What is needed =
If a line in the records below contains the word "simp", copy it.

--- The input ---

(* Let $C\subseteq\Pr(\mathbb{T})$ be minimal with respect to being compact, convex, closed under $\hat{}$, and nonempty, and let $\preceq$ be a linear quasi-order on $\mathbb{T}$ such that $s\prec s\,\hat{}\,t$ and $t\prec s\,\hat{}\,t$ for all $s,t\in\mathbb{T}$. Then either (i) for every $\mu\in C$ and every incompatible pair $\sigma<_{\mathrm{lex}}\varsigma$ of finite binary sequences, $\mu$-almost every $t$ satisfies $t/\sigma\prec t/\varsigma$; or (ii) for every $\mu\in C$ and every incompatible pair $\sigma<_{\mathrm{lex}}\varsigma$ of finite binary sequences, $\mu$-almost every $t$ satisfies $t/\varsigma\prec t/\sigma$.
   Context: For $a,b\subseteq(0,1]$ put $a\,\hat{}\,b=\tfrac12 a\cup\tfrac12(b+1)$; $\mathbb{T}$ is the set generated from $\mathbf{1}=\{1\}$ by $\hat{}$ (free binary system on one generator; each $t\neq\mathbf1$ is uniquely $a\,\hat{}\,b$). $\Pr(\mathbb{T})$ is the set of finitely additive probability measures on $\mathbb{T}$, viewed as positive normalized functionals on $\ell^\infty(\mathbb{T})$ with the weak* topology; $(\mu\,\hat{}\,\nu)(f)=\int\int f(x\,\hat{}\,y)\,d\nu(y)\,d\mu(x)$, and $C$ is closed under $\hat{}$ if $\mu\,\hat{}\,\nu\in C$ for $\mu,\nu\in C$. A linear quasi-order is a reflexive transitive relation in which any two elements are comparable; $s\prec t$ means $s\preceq t$ and not $t\preceq s$. For a finite binary sequence $\sigma$, $t/\sigma$ is the subterm at address $\sigma$: $t/\emptyset=t$, $(a\,\hat{}\,b)/0\sigma=a/\sigma$, $(a\,\hat{}\,b)/1\sigma=b/\sigma$ (undefined otherwise). Two sequences are incompatible if neither is an initial segment of the other; $<_{\mathrm{lex}}$ is lexicographic order. "$\mu$-almost every $t$ satisfies $P$" means the set of $t$ for which the relevant subterms are defined and $P$ holds has $\mu$-measure $1$. *)

theory Defs
  imports "HOL-Analysis.Analysis"
begin

text \<open>The free binary system on one generator: One is the generator 1,
  Node a b is a hat b.\<close>
datatype tree = One | Node tree tree

definition bdd_fun :: "(tree \<Rightarrow> real) \<Rightarrow> bool" where
  "bdd_fun f \<longleftrightarrow> (\<exists>B. \<forall>t. \<bar>f t\<bar> \<le> B)"

text \<open>Finitely additive probability measures on T, as positive normalized linear
  functionals on l-infinity of T (extended by 0 outside l-infinity, for uniqueness).\<close>
definition is_prob :: "((tree \<Rightarrow> real) \<Rightarrow> real) \<Rightarrow> bool" where
  "is_prob \<mu> \<longleftrightarrow>
     (\<forall>f g a b. bdd_fun f \<and> bdd_fun g \<longrightarrow> \<mu> (\<lambda>t. a * f t + b * g t) = a * \<mu> f + b * \<mu> g)
   \<and> (\<forall>f. bdd_fun f \<and> (\<forall>t. 0 \<le> f t) \<longrightarrow> 0 \<le> \<mu> f)
   \<and> \<mu> (\<lambda>_. 1) = 1
   \<and> (\<forall>f. \<not> bdd_fun f \<longrightarrow> \<mu> f = 0)"

definition Pr :: "((tree \<Rightarrow> real) \<Rightarrow> real) set" where
  "Pr = {\<mu>. is_prob \<mu>}"

definition hat_meas :: "((tree \<Rightarrow> real) \<Rightarrow> real) \<Rightarrow> ((tree \<Rightarrow> real) \<Rightarrow> real) \<Rightarrow> ((tree \<Rightarrow> real) \<Rightarrow> real)" where
  "hat_meas \<mu> \<nu> = (\<lambda>f. if bdd_fun f then \<mu> (\<lambda>x. \<nu> (\<lambda>y. f (Node x y))) else 0)"

definition closed_hat :: "((tree \<Rightarrow> real) \<Rightarrow> real) set \<Rightarrow> bool" where
  "closed_hat C \<longleftrightarrow> (\<forall>\<mu>\<in>C. \<forall>\<nu>\<in>C. hat_meas \<mu> \<nu> \<in> C)"

definition convex_meas :: "((tree \<Rightarrow> real) \<Rightarrow> real) set \<Rightarrow> bool" where
  "convex_meas C \<longleftrightarrow> (\<forall>\<mu>\<in>C. \<forall>\<nu>\<in>C. \<forall>a::real. 0 \<le> a \<and> a \<le> 1 \<longrightarrow>
      (\<lambda>f. a * \<mu> f + (1 - a) * \<nu> f) \<in> C)"

text \<open>Compactness is w.r.t. the product (pointwise) topology on functionals, which on Pr
  coincides with the weak* topology (values at unbounded f are constantly 0 on Pr).\<close>
definition good_set :: "((tree \<Rightarrow> real) \<Rightarrow> real) set \<Rightarrow> bool" where
  "good_set C \<longleftrightarrow> C \<subseteq> Pr \<and> compact C \<and> convex_meas C \<and> closed_hat C \<and> C \<noteq> {}"

definition minimal_good :: "((tree \<Rightarrow> real) \<Rightarrow> real) set \<Rightarrow> bool" where
  "minimal_good C \<longleftrightarrow> good_set C \<and> (\<forall>D. D \<subseteq> C \<and> good_set D \<longrightarrow> D = C)"

definition linear_qo :: "(tree \<Rightarrow> tree \<Rightarrow> bool) \<Rightarrow> bool" where
  "linear_qo le \<longleftrightarrow> (\<forall>x. le x x) \<and> (\<forall>x y z. le x y \<and> le y z \<longrightarrow> le x z)
     \<and> (\<forall>x y. le x y \<or> le y x)"

definition strict :: "(tree \<Rightarrow> tree \<Rightarrow> bool) \<Rightarrow> tree \<Rightarrow> tree \<Rightarrow> bool" where
  "strict le s t \<longleftrightarrow> le s t \<and> \<not> le t s"

text \<open>Subterm at an address; False = 0 (left), True = 1 (right).\<close>
fun subterm :: "tree \<Rightarrow> bool list \<Rightarrow> tree option" where
  "subterm t [] = Some t"
| "subterm (Node a b) (False # s) = subterm a s"
| "subterm (Node a b) (True # s) = subterm b s"
| "subterm One (_ # _) = None"

definition incompatible :: "bool list \<Rightarrow> bool list \<Rightarrow> bool" where
  "incompatible s r \<longleftrightarrow> \<not> (\<exists>u. r = s @ u) \<and> \<not> (\<exists>u. s = r @ u)"

definition lex_less :: "bool list \<Rightarrow> bool list \<Rightarrow> bool" where
  "lex_less s r \<longleftrightarrow> (s, r) \<in> lexord {(False, True)}"

definition ae_sub :: "((tree \<Rightarrow> real) \<Rightarrow> real) \<Rightarrow> bool list \<Rightarrow> bool list \<Rightarrow> (tree \<Rightarrow> tree \<Rightarrow> bool) \<Rightarrow> bool" where
  "ae_sub \<mu> s r P \<longleftrightarrow>
     \<mu> (\<lambda>t. if (\<exists>a b. subterm t s = Some a \<and> subterm t r = Some b \<and> P a b) then 1 else 0) = 1"

end

theory Submission
  imports Defs
begin

text \<open>Minimality of C turns any closed, convex condition that is preserved by hat and holds
  somewhere in C into one that holds on all of C. Hence all members of C give the same mass p to a set D
  of trees containing the left child of each of its nodes; if D contains both children, then moreover
  p \<le> p * p because (\<mu> hat \<mu>)(D) \<le> \<mu>(D) * \<mu>(D), so D is almost surely true or almost surely false,
  uniformly over C. This applies to the set S of trees a such that almost every tree lies strictly
  above a. If S is almost sure, splitting a tree at the address where \<sigma> and \<tau> branch shows that
  almost surely t/\<sigma> \<in> S and then t/\<tau> lies strictly above t/\<sigma>. Otherwise almost every t = x hat y
  has y \<notin> S, which by the same zero-one law makes almost every tree lie strictly below t, and the
  splitting argument gives the reverse order.\<close>

type_synonym functional = "(tree \<Rightarrow> real) \<Rightarrow> real"

definition pr :: "functional \<Rightarrow> (tree \<Rightarrow> bool) \<Rightarrow> real" where
  "pr \<mu> U = \<mu> (\<lambda>t. of_bool (U t))"

lemma bdd_fun_unit_interval: "(\<And>t. 0 \<le> f t \<and> f t \<le> 1) \<Longrightarrow> bdd_fun f"
  unfolding bdd_fun_def by (metis abs_of_nonneg)

lemma bdd_fun_const [simp]: "bdd_fun (\<lambda>_. c)"
  unfolding bdd_fun_def by blast

lemma bdd_fun_of_bool [simp]: "bdd_fun (\<lambda>t. of_bool (U t))"
  by (rule bdd_fun_unit_interval) simp

lemma bdd_fun_lincomb: "bdd_fun f \<Longrightarrow> bdd_fun g \<Longrightarrow> bdd_fun (\<lambda>t. a * f t + b * g t)"
proof -
  assume "bdd_fun f" "bdd_fun g"
  then obtain B1 B2 where "\<forall>t. \<bar>f t\<bar> \<le> B1" "\<forall>t. \<bar>g t\<bar> \<le> B2"
    unfolding bdd_fun_def by blast
  then have "\<bar>a * f t + b * g t\<bar> \<le> \<bar>a\<bar> * B1 + \<bar>b\<bar> * B2" for t
  proof -
    have "\<bar>a * f t + b * g t\<bar> \<le> \<bar>a\<bar> * \<bar>f t\<bar> + \<bar>b\<bar> * \<bar>g t\<bar>"
      by (metis abs_mult abs_triangle_ineq)
    also have "\<dots> \<le> \<bar>a\<bar> * B1 + \<bar>b\<bar> * B2"
      using \<open>\<forall>t. \<bar>f t\<bar> \<le> B1\<close> \<open>\<forall>t. \<bar>g t\<bar> \<le> B2\<close> by (intro add_mono mult_left_mono) auto
    finally show ?thesis .
  qed
  then show ?thesis unfolding bdd_fun_def by blast
qed

context
  fixes \<mu> :: functional
  assumes prob: "is_prob \<mu>"
begin

lemma prob_lincomb:
  "bdd_fun f \<Longrightarrow> bdd_fun g \<Longrightarrow> \<mu> (\<lambda>t. a * f t + b * g t) = a * \<mu> f + b * \<mu> g"
  using prob unfolding is_prob_def by blast

lemma prob_const [simp]: "\<mu> (\<lambda>_. c) = c"
proof -
  have "\<mu> (\<lambda>_. c * 1 + 0 * 1) = c * \<mu> (\<lambda>_. 1)"
    using prob_lincomb[of "\<lambda>_. 1" "\<lambda>_. 1" c 0] by simp
  then show ?thesis using prob unfolding is_prob_def by simp
qed

lemma prob_scale: "bdd_fun f \<Longrightarrow> \<mu> (\<lambda>t. c * f t) = c * \<mu> f"
  using prob_lincomb[of f f c 0] by simp

lemma prob_mono: "bdd_fun f \<Longrightarrow> bdd_fun g \<Longrightarrow> (\<And>t. f t \<le> g t) \<Longrightarrow> \<mu> f \<le> \<mu> g"
proof -
  assume f: "bdd_fun f" and g: "bdd_fun g" and "\<And>t. f t \<le> g t"
  then have "\<forall>t. 0 \<le> 1 * g t + (-1) * f t" by simp
  then have "0 \<le> \<mu> (\<lambda>t. 1 * g t + (-1) * f t)"
    using prob bdd_fun_lincomb[OF g f] unfolding is_prob_def by blast
  then show ?thesis using prob_lincomb[OF g f, of 1 "-1"] by simp
qed

lemma prob_unit_interval: "(\<And>t. 0 \<le> f t \<and> f t \<le> 1) \<Longrightarrow> 0 \<le> \<mu> f \<and> \<mu> f \<le> 1"
  using prob_mono[of "\<lambda>_. 0" f] prob_mono[of f "\<lambda>_. 1"]
  by (auto simp: bdd_fun_def bdd_fun_unit_interval)

lemma prob_mono_unit_interval:
  "(\<And>t. 0 \<le> f t \<and> f t \<le> 1) \<Longrightarrow> (\<And>t. 0 \<le> g t \<and> g t \<le> 1) \<Longrightarrow> (\<And>t. f t \<le> g t) \<Longrightarrow> \<mu> f \<le> \<mu> g"
  by (rule prob_mono) (auto intro: bdd_fun_unit_interval)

---

Solution to this task =
lemma bdd_fun_const [simp]: "bdd_fun (\<lambda>_. c)"
lemma bdd_fun_of_bool [simp]: "bdd_fun (\<lambda>t. of_bool (U t))"
  by (rule bdd_fun_unit_interval) simp
lemma prob_const [simp]: "\<mu> (\<lambda>_. c) = c"
    using prob_lincomb[of "\<lambda>_. 1" "\<lambda>_. 1" c 0] by simp
  then show ?thesis using prob unfolding is_prob_def by simp
  using prob_lincomb[of f f c 0] by simp
  then have "\<forall>t. 0 \<le> 1 * g t + (-1) * f t" by simp
  then show ?thesis using prob_lincomb[OF g f, of 1 "-1"] by simp
  by (auto simp: bdd_fun_def bdd_fun_unit_interval)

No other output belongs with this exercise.